WHAT TO DO -> Which lines of the data hold the word "exists"? Copy all of them.

[STORED DATA Boundary: Start]

(* Assume (H1'), let $\phi$ be a sub-additive admissible policy, $r\in\mathbb N_+$, and $z^1,\dots,z^r$ (possibly identical) strong erasing words for $(G,\phi)$, with $m=\sum_{i=1}^r|z^i|/2$. Let $$\mathscr B^r(z^1,\dots,z^r)=\{V^0V^1\,V^0\circ\theta\,V^1\circ\theta\cdots V^0\circ\theta^{m-1}V^1\circ\theta^{m-1}=z^1z^2\cdots z^r\},\qquad \mathscr C^r_n=\mathscr A_n(\emptyset)\cap\theta^{-n}\mathscr B^r(z^1,\dots,z^r).$$ Then for every $Y\in\mathscr Y_2^r$ and every $n\ge1$, $\mathscr C^r_n\subset\mathscr A_{n+m}(Y)$ up to a $\mathbb P^0$-null set.
   Context: $G=(\mathcal V,\mathcal E)$ finite connected simple graph; $\mathcal S$ the set of lists of preferences (for each class a linear ordering of its neighbours); $\phi$ a policy with probability $\nu_\phi$ on $\mathcal S$; $\mathbb W=\{w\in\mathcal V^*:|w|_i|w|_j=0\text{ whenever } i,j\text{ adjacent}\}$, $\mathbb W_2$ its even-length words; admissible $\phi$: map $\odot_\phi$ with $w\odot_\phi(v,\sigma)=wv$ if no letter of $w$ is adjacent to $v$, else $w$ with one letter adjacent to $v$ (chosen by $\phi$) deleted; $Q_\phi(z_1\cdots z_k,\varsigma_1\cdots\varsigma_k)=(\cdots(\emptyset\odot_\phi(z_1,\varsigma_1))\cdots)\odot_\phi(z_k,\varsigma_k)$. Sub-additive: $|Q_\phi(z'z'',\varsigma'\varsigma'')|\le|Q_\phi(z',\varsigma')|+|Q_\phi(z'',\varsigma'')|$ for all words with preferences in the support of $\nu_\phi$. Strong erasing word: $z$ of even length $2p$ such that $Q_\phi(ijz,\varsigma\varsigma')=\emptyset$ for all non-adjacent $i,j$ (possibly equal) and $Q_\phi(z_{2\ell+1}\cdots z_{2p},\varsigma'_{2\ell+1}\cdots\varsigma'_{2p})=\emptyset$ for $\ell=0,\dots,p-1$, for all preference words with letters in the support of $\nu_\phi$. (H1'): $(V_{2n},\Sigma_{2n},V_{2n+1},\Sigma_{2n+1})_{n\in\mathbb Z}$ stationary ergodic with $V_{2n}\sim\mu^0$, $V_{2n+1}\sim\mu^1$, $\Sigma_m\sim\nu_\phi$, $(\mu^0+\mu^1)/2$ of full support; canonical space $\Omega^0$ with law $\mathbb P^0$, shift $\theta$, and $0$-coordinate $(V^0,\Sigma^0,V^1,\Sigma^1)$. $U^{[Y]}_0=Y$, $U^{[Y]}_{n+1}=(U^{[Y]}_n\odot_\phi(V^0\circ\theta^n,\Sigma^0\circ\theta^n))\odot_\phi(V^1\circ\theta^n,\Sigma^1\circ\theta^n)$; $\mathscr A_n(Y)=\{U^{[Y]}_n=\emptyset\}$. $\mathscr Y_2^r$ is the set of $\mathbb W_2$-valued r.v.'s $Y$ with $|Y|\le2r$ a.s. *)

theory Defs
  imports "HOL-Probability.Probability"
begin

definition simple_connected_graph :: "('v::finite \<Rightarrow> 'v \<Rightarrow> bool) \<Rightarrow> bool" where
  "simple_connected_graph E \<longleftrightarrow>
     (\<forall>i j. E i j \<longrightarrow> E j i) \<and> (\<forall>i. \<not> E i i) \<and> (\<forall>i j. E\<^sup>*\<^sup>* i j)"

text \<open>Lists of preferences: for each class i, a linear ordering (list without repetition)
 of the neighbours of i.\<close>
type_synonym 'v pref = "'v \<Rightarrow> 'v list"

definition prefs :: "('v \<Rightarrow> 'v \<Rightarrow> bool) \<Rightarrow> 'v pref set" where
  "prefs E = {\<sigma>. \<forall>i. distinct (\<sigma> i) \<and> set (\<sigma> i) = {j. E i j}}"

definition words_W :: "('v \<Rightarrow> 'v \<Rightarrow> bool) \<Rightarrow> 'v list set" where
  "words_W E = {w. \<forall>i j. E i j \<longrightarrow> count_list w i * count_list w j = 0}"

definition words_W2 :: "('v \<Rightarrow> 'v \<Rightarrow> bool) \<Rightarrow> 'v list set" where
  "words_W2 E = {w \<in> words_W E. even (length w)}"

definition admissible ::
  "('v \<Rightarrow> 'v \<Rightarrow> bool) \<Rightarrow> ('v list \<Rightarrow> 'v \<Rightarrow> 'v pref \<Rightarrow> 'v list) \<Rightarrow> 'v pref set \<Rightarrow> bool" where
  "admissible E odot S \<longleftrightarrow>
     (\<forall>w \<in> words_W E. \<forall>v. \<forall>\<sigma> \<in> S.
        ((\<forall>x \<in> set w. \<not> E x v) \<longrightarrow> odot w v \<sigma> = w @ [v]) \<and>
        ((\<exists>x \<in> set w. E x v) \<longrightarrow>
           (\<exists>u1 x u2. w = u1 @ [x] @ u2 \<and> E x v \<and> odot w v \<sigma> = u1 @ u2)))"

definition Q :: "('v list \<Rightarrow> 'v \<Rightarrow> 'v pref \<Rightarrow> 'v list) \<Rightarrow> 'v list \<Rightarrow> 'v pref list \<Rightarrow> 'v list" where
  "Q odot z s = foldl (\<lambda>w (v, \<sigma>). odot w v \<sigma>) [] (zip z s)"

definition sub_additive ::
  "('v list \<Rightarrow> 'v \<Rightarrow> 'v pref \<Rightarrow> 'v list) \<Rightarrow> 'v pref set \<Rightarrow> bool" where
  "sub_additive odot Supp \<longleftrightarrow>
     (\<forall>z1 z2 s1 s2. length s1 = length z1 \<longrightarrow> length s2 = length z2 \<longrightarrow>
        set s1 \<subseteq> Supp \<longrightarrow> set s2 \<subseteq> Supp \<longrightarrow>
        length (Q odot (z1 @ z2) (s1 @ s2)) \<le> length (Q odot z1 s1) + length (Q odot z2 s2))"

definition strong_erasing ::
  "('v \<Rightarrow> 'v \<Rightarrow> bool) \<Rightarrow> ('v list \<Rightarrow> 'v \<Rightarrow> 'v pref \<Rightarrow> 'v list) \<Rightarrow> 'v pref set \<Rightarrow> 'v list \<Rightarrow> bool" where
  "strong_erasing E odot Supp z \<longleftrightarrow>
     even (length z) \<and>
     (\<forall>i j s s'. \<not> E i j \<longrightarrow> length s = 2 \<longrightarrow> length s' = length z \<longrightarrow>
        set s \<subseteq> Supp \<longrightarrow> set s' \<subseteq> Supp \<longrightarrow> Q odot ([i, j] @ z) (s @ s') = []) \<and>
     (\<forall>l < length z div 2. \<forall>s'. length s' = length z - 2 * l \<longrightarrow> set s' \<subseteq> Supp \<longrightarrow>
        Q odot (drop (2 * l) z) s' = [])"

type_synonym 'v omega = "int \<Rightarrow> ('v \<times> 'v pref \<times> 'v \<times> 'v pref)"

definition canon_sets :: "'v omega measure" where
  "canon_sets = PiM UNIV (\<lambda>_. count_space UNIV)"

definition shift :: "nat \<Rightarrow> 'v omega \<Rightarrow> 'v omega" where
  "shift n \<omega> = (\<lambda>k. \<omega> (k + int n))"

definition V0 :: "'v omega \<Rightarrow> 'v" where "V0 \<omega> = fst (\<omega> 0)"
definition S0 :: "'v omega \<Rightarrow> 'v pref" where "S0 \<omega> = fst (snd (\<omega> 0))"
definition V1 :: "'v omega \<Rightarrow> 'v" where "V1 \<omega> = fst (snd (snd (\<omega> 0)))"
definition S1 :: "'v omega \<Rightarrow> 'v pref" where "S1 \<omega> = snd (snd (snd (\<omega> 0)))"

definition H1' :: "'v omega measure \<Rightarrow> 'v pmf \<Rightarrow> 'v pmf \<Rightarrow> 'v pref pmf \<Rightarrow> bool" where
  "H1' P \<mu>0 \<mu>1 \<nu> \<longleftrightarrow>
     prob_space P \<and> space P = UNIV \<and> sets P = sets canon_sets \<and>
     shift 1 \<in> measurable P P \<and> distr P P (shift 1) = P \<and>
     (\<forall>A \<in> sets P. shift 1 -` A = A \<longrightarrow> measure P A = 0 \<or> measure P A = 1) \<and>
     distr P (count_space UNIV) V0 = measure_pmf \<mu>0 \<and>
     distr P (count_space UNIV) V1 = measure_pmf \<mu>1 \<and>
     distr P (count_space UNIV) S0 = measure_pmf \<nu> \<and>
     distr P (count_space UNIV) S1 = measure_pmf \<nu> \<and>
     (\<forall>v. (pmf \<mu>0 v + pmf \<mu>1 v) / 2 > 0)"

fun U :: "('v list \<Rightarrow> 'v \<Rightarrow> 'v pref \<Rightarrow> 'v list) \<Rightarrow> ('v omega \<Rightarrow> 'v list) \<Rightarrow> nat \<Rightarrow> 'v omega \<Rightarrow> 'v list" where
  "U odot Y 0 \<omega> = Y \<omega>"
| "U odot Y (Suc n) \<omega> =
     odot (odot (U odot Y n \<omega>) (V0 (shift n \<omega>)) (S0 (shift n \<omega>))) (V1 (shift n \<omega>)) (S1 (shift n \<omega>))"

definition event_A :: "('v list \<Rightarrow> 'v \<Rightarrow> 'v pref \<Rightarrow> 'v list) \<Rightarrow> nat \<Rightarrow> ('v omega \<Rightarrow> 'v list) \<Rightarrow> 'v omega set" where
  "event_A odot n Y = {\<omega>. U odot Y n \<omega> = []}"

definition arrivals :: "nat \<Rightarrow> 'v omega \<Rightarrow> 'v list" where
  "arrivals k \<omega> = concat (map (\<lambda>i. [V0 (shift i \<omega>), V1 (shift i \<omega>)]) [0..<k])"

definition event_B :: "'v list list \<Rightarrow> 'v omega set" where
  "event_B zs = {\<omega>. arrivals (sum_list (map length zs) div 2) \<omega> = concat zs}"

definition event_C :: "('v list \<Rightarrow> 'v \<Rightarrow> 'v pref \<Rightarrow> 'v list) \<Rightarrow> 'v list list \<Rightarrow> nat \<Rightarrow> 'v omega set" where
  "event_C odot zs n = event_A odot n (\<lambda>_. []) \<inter> shift n -` event_B zs"

definition rvs_Y2 :: "('v \<Rightarrow> 'v \<Rightarrow> bool) \<Rightarrow> 'v omega measure \<Rightarrow> nat \<Rightarrow> ('v omega \<Rightarrow> 'v list) set" where
  "rvs_Y2 E P r = {Y. Y \<in> measurable P (count_space UNIV) \<and> (\<forall>\<omega>. Y \<omega> \<in> words_W2 E) \<and>
                      (AE \<omega> in P. length (Y \<omega>) \<le> 2 * r)}"

end

theory Submission
  imports Defs
begin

[STORED DATA Boundary: End]

ANSWER FOR THE TASK ->
        ((\<exists>x \<in> set w. E x v) \<longrightarrow>
           (\<exists>u1 x u2. w = u1 @ [x] @ u2 \<and> E x v \<and> odot w v \<sigma> = u1 @ u2)))"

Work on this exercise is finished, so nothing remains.